Forest Plot presentation: univariable cox regression and univariable logistic regression results. Abbreviation: HR Hazards ratio, OR odds ratios.

Fig. 4.

Fig. 4

Kaplan–Meier curves of eight different dynamic WBC trajectory patterns.

Fig. 5.

Fig. 5

Forest Plot presentation: multivariable cox regression and multivariable logistic regression adjusted for all variables. Abbreviation: HR Hazards ratio, OR odds ratios.

The logistic regression model further explored the relationship between leukocyte subtypes and the need for life-support therapies.
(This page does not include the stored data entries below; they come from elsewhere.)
lemma necklace_percolating_seed:
  assumes "0 < k"
  shows "percolating (necklace_V k) (necklace_E k) 2 ({..<k} \<times> {2} \<union> {(0, 3)})"
proof -
  let ?S = "{..<k} \<times> {2} \<union> {(0, 3)}"
  let ?cl = "perc_closure (necklace_V k) (necklace_E k) 2 ?S"
  have seed: "v \<in> ?cl" if "v \<in> ?S" for v
    using subset_perc_closure that by (rule subsetD)
  have infect: "x \<in> ?cl"
    if "necklace_E k x y" "necklace_E k x z" "y \<noteq> z" "y \<in> ?cl" "z \<in> ?cl" for x y z
    using perc_closure_two_neighbours[OF finite_necklace_V _ _ _ that(3,1,2,4,5)]
      necklace_E_in_V[OF that(1)] necklace_E_in_V[OF that(2)] by blast
  have "{i} \<times> {..<4} \<subseteq> ?cl" if "i < k" for i
    using that
  proof (induction i)
    case 0
    have c: "(0, 2) \<in> ?cl" and d: "(0, 3) \<in> ?cl"
      by (rule seed, use assms in simp)+
    have "(0, 0) \<in> ?cl" "(0, 1) \<in> ?cl"
      by (rule infect[OF _ _ _ c d]; simp add: necklace_E_iff assms)+
    with c d show ?case
      by (auto simp: lessThan_nat_numeral)
  next
    case (Suc i)
    have a_prev: "(i, 0) \<in> ?cl"
      using Suc.IH Suc.prems by auto
    have c: "(Suc i, 2) \<in> ?cl"
      by (rule seed) (use Suc.prems in simp)
    have b: "(Suc i, 1) \<in> ?cl"
      by (rule infect[OF _ _ _ a_prev c]) (use Suc.prems in \<open>simp_all add: necklace_E_iff\<close>)
    have d: "(Suc i, 3) \<in> ?cl"
      by (rule infect[OF _ _ _ b c]) (simp_all add: necklace_E_iff Suc.prems)
    have a: "(Suc i, 0) \<in> ?cl"
      by (rule infect[OF _ _ _ c d]) (simp_all add: necklace_E_iff Suc.prems)
    from a b c d show ?case
      by (auto simp: lessThan_nat_numeral)
  qed
  then have "necklace_V k \<subseteq> ?cl"
    by (auto simp: necklace_V_def)
  moreover have "?S \<subseteq> necklace_V k"
    using assms by (auto simp: necklace_V_def)
  ultimately show ?thesis
    using percolatingI_closure[OF finite_necklace_V] by blast
qed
Subtypes with higher leukocyte levels, particularly Class 4, Class 7, and Class 8, were associated with increased use of life-support treatments, mirroring the trends observed in the Cox model. However, the relationship between subtype classification and life-support use was less pronounced in the multivariate regression model, suggesting that this association may not be fully independent (Fig. 5/Table S9).
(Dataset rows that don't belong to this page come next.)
(* For every $n\ge 1$, $\min^-_{\omega+1}\not\le_{\mathrm{W}}\operatorname{BWT}_n$.
   Context: Represented spaces: a representation of a set $X$ is a partial surjection $\delta_X:\subseteq\mathbb{N}^\mathbb{N}\to X$. For a partial multi-valued function $f:\subseteq X\rightrightarrows Y$, a realizer is a partial $F:\subseteq\mathbb{N}^\mathbb{N}\to\mathbb{N}^\mathbb{N}$ with $\delta_Y(F(p))\in f(\delta_X(p))$ for all $p$ with $\delta_X(p)\in\mathrm{dom}(f)$. Weihrauch reducibility: $f\le_{\mathrm{W}} g$ iff there are computable partial $H:\subseteq\mathbb{N}^\mathbb{N}\times\mathbb{N}^\mathbb{N}\to\mathbb{N}^\mathbb{N}$ and $K:\subseteq\mathbb{N}^\mathbb{N}\to\mathbb{N}^\mathbb{N}$ such that $p\mapsto H(p,G(K(p)))$ is a realizer of $f$ for every realizer $G$ of $g$. $\omega+1:=\{-2^{-n}:n\in\mathbb{N}\}\cup\{0\}\subseteq\mathbb{R}$, a computable metric space with the Euclidean metric and dense set $\omega+1$ itself; points are represented by the Cauchy representation. Closed subsets of $\omega+1$ are represented negatively ($\mathcal{A}_-(\omega+1)$): a name of a closed $A$ is an enumeration of basic open balls $B(a,q)$ ($a\in\omega+1$, $q$ a nonnegative rational) whose union is $(\omega+1)\setminus A$. $\min^-_{\omega+1}:\subseteq\mathcal{A}_-(\omega+1)\to\omega+1$ maps each nonempty closed $A$ to $\min A$. For $n\ge1$, $\operatorname{BWT}_n:\subseteq\{0,\dots,n-1\}^\mathbb{N}\rightrightarrows\{0,\dots,n-1\}$ (discrete space $\{0,\dots,n-1\}$) maps a sequence to the set of its cluster points, i.e. the values that occur infinitely often. *)

theory Defs
  imports Complex_Main "HOL-Library.Nat_Bijection"
begin

datatype recf = Zr | Sc | Pj nat | Cn recf "recf list" | Pr recf recf | Mn recf

inductive eval :: "recf \<Rightarrow> nat list \<Rightarrow> nat \<Rightarrow> bool" where
  eval_Zr: "eval Zr xs 0"
| eval_Sc: "eval Sc (x # xs) (Suc x)"
| eval_Pj: "i < length xs \<Longrightarrow> eval (Pj i) xs (xs ! i)"
| eval_Cn: "list_all2 (\<lambda>g y. eval g xs y) gs ys \<Longrightarrow> eval f ys z \<Longrightarrow> eval (Cn f gs) xs z"
| eval_Pr0: "eval f xs z \<Longrightarrow> eval (Pr f g) (0 # xs) z"
| eval_PrS: "eval (Pr f g) (n # xs) y \<Longrightarrow> eval g (y # n # xs) z \<Longrightarrow> eval (Pr f g) (Suc n # xs) z"
| eval_Mn: "eval f (n # xs) 0 \<Longrightarrow> (\<forall>m<n. \<exists>y. eval f (m # xs) (Suc y)) \<Longrightarrow> eval (Mn f) xs n"

type_synonym baire = "nat \<Rightarrow> nat"

definition prefix_code :: "baire \<Rightarrow> nat \<Rightarrow> nat" where
  "prefix_code p k = list_encode (map p [0..<k])"

text \<open>A partial
  F :\<subseteq> baire \<rightarrow> baire is computable iff some e computes F p from p for all p in dom F.\<close>
definition computes :: "recf \<Rightarrow> baire \<Rightarrow> baire \<Rightarrow> bool" where
  "computes e p q \<longleftrightarrow>
     (\<forall>n. (\<exists>k. eval e [n, prefix_code p k] (q n)) \<and>
          (\<forall>k v. eval e [n, prefix_code p k] v \<longrightarrow> v = q n))"

definition pair_baire :: "baire \<Rightarrow> baire \<Rightarrow> baire" where
  "pair_baire p q = (\<lambda>i. if even i then p (i div 2) else q (i div 2))"

text \<open>A representation is a partial map baire \<rightharpoonup> X (given as an option-valued function);
  a partial multi-valued function f :\<subseteq> X \<rightrightarrows> Y is given by f :: X \<Rightarrow> Y set with
  dom f = {x. f x \<noteq> {}}; realizers are partial maps baire \<rightharpoonup> baire.\<close>
definition realizer ::
  "(baire \<Rightarrow> 'a option) \<Rightarrow> (baire \<Rightarrow> 'b option) \<Rightarrow> ('a \<Rightarrow> 'b set) \<Rightarrow> (baire \<Rightarrow> baire option) \<Rightarrow> bool" where
  "realizer dX dY f F \<longleftrightarrow>
     (\<forall>p x. dX p = Some x \<and> f x \<noteq> {} \<longrightarrow> (\<exists>q y. F p = Some q \<and> dY q = Some y \<and> y \<in> f x))"

definition weihrauch_le ::
  "(baire \<Rightarrow> 'a option) \<Rightarrow> (baire \<Rightarrow> 'b option) \<Rightarrow> ('a \<Rightarrow> 'b set) \<Rightarrow>
   (baire \<Rightarrow> 'c option) \<Rightarrow> (baire \<Rightarrow> 'd option) \<Rightarrow> ('c \<Rightarrow> 'd set) \<Rightarrow> bool" where
  "weihrauch_le dX dY f dU dV g \<longleftrightarrow>
     (\<exists>eH eK. \<forall>G. realizer dU dV g G \<longrightarrow>
        (\<forall>p x. dX p = Some x \<and> f x \<noteq> {} \<longrightarrow>
           (\<exists>q r s y. computes eK p q \<and> G q = Some r \<and> computes eH (pair_baire p r) s
                      \<and> dY s = Some y \<and> y \<in> f x)))"

definition omega1 :: "real set" where
  "omega1 = {- ((1/2) ^ n) | n. True} \<union> {0}"

text \<open>Numbering of the dense set omega+1 (= omega+1 itself).\<close>
fun omega1_num :: "nat \<Rightarrow> real" where
  "omega1_num 0 = 0"
| "omega1_num (Suc n) = - ((1/2) ^ n)"

definition cauchy_rep :: "baire \<Rightarrow> real option" where
  "cauchy_rep p = (if (\<forall>i j. i \<le> j \<longrightarrow> \<bar>omega1_num (p i) - omega1_num (p j)\<bar> \<le> (1/2) ^ i)
                   then Some (lim (\<lambda>i. omega1_num (p i))) else None)"

definition radius_num :: "nat \<Rightarrow> real" where
  "radius_num k = (case prod_decode k of (a, b) \<Rightarrow> real a / real (Suc b))"

definition ball_code :: "nat \<Rightarrow> real set" where
  "ball_code k = (case prod_decode k of (a, r) \<Rightarrow>
      {x \<in> omega1. \<bar>x - omega1_num a\<bar> < radius_num r})"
Interestingly, despite Class 1 having a higher mortality risk in the Cox model, its use of life-support therapies was not significantly different from Class 5 (the reference group). Class 1 was even associated with a lower need for invasive mechanical ventilation (development cohort: OR 0.56; 95% CI 0.40–0.79; p < 0.001; validation cohort: OR 0.57; 95% CI 0.42–0.77; p < 0.001), a finding that persisted after multivariate adjustment (Fig. 5).

When examining leukocyte trajectory trends, the impact on outcomes was not entirely dependent on the trajectory pattern. For instance, Class 5 (decreasing, high leukocyte levels) and Class 6 (increasing, high leukocyte levels), which had similar overall leukocyte levels within the first 4 days, showed comparable 28-day mortality risks (development cohort: HR 1.44; 95% CI 1.21–1.71 versus HR 1.40; 95% CI 1.18–1.66; validation cohort: HR 1.71; 95% CI 1.39–2.10 versus HR 1.94; 95% CI 1.58–2.39). A similar trend was observed between Class 7 and Class 8 (development cohort: HR 2.08; 95% CI 1.56–2.77 versus HR 1.80; 95% CI 1.35–2.39; validation cohort: HR 2.60; 95% CI 1.95–3.46 versus HR 2.12; 95% CI 1.60–2.82).

Subtypes Reproducibility And Prediction:

We further trained an XGBoost model to predict subtypes based on patient characteristics upon ICU admission. To evaluate the predictive performance of the model, we calculated the AUC values for the four high-mortality classifications (Class 1, Class 4, Class 7, and Class 8) in both the development cohort (Dev-Cohort) and validation cohort (Val-Cohort) (Fig. S6). The results showed that all AUC values exceeded 0.8, with similar AUCs between the validation cohort (purple curve) and the development cohort (green curve). Other performance metrics (Table S15) indicated that for Class 1 and 4, PPV was greater than 0.7, while for Class 7 and 8, PPV was close to 0.7. However, considering other performance metrics, NPV exceeded 0.8, accuracy exceeded 0.8, and balanced accuracy was above 0.75 across all classifications in both cohorts, demonstrating strong predictive performance of the model.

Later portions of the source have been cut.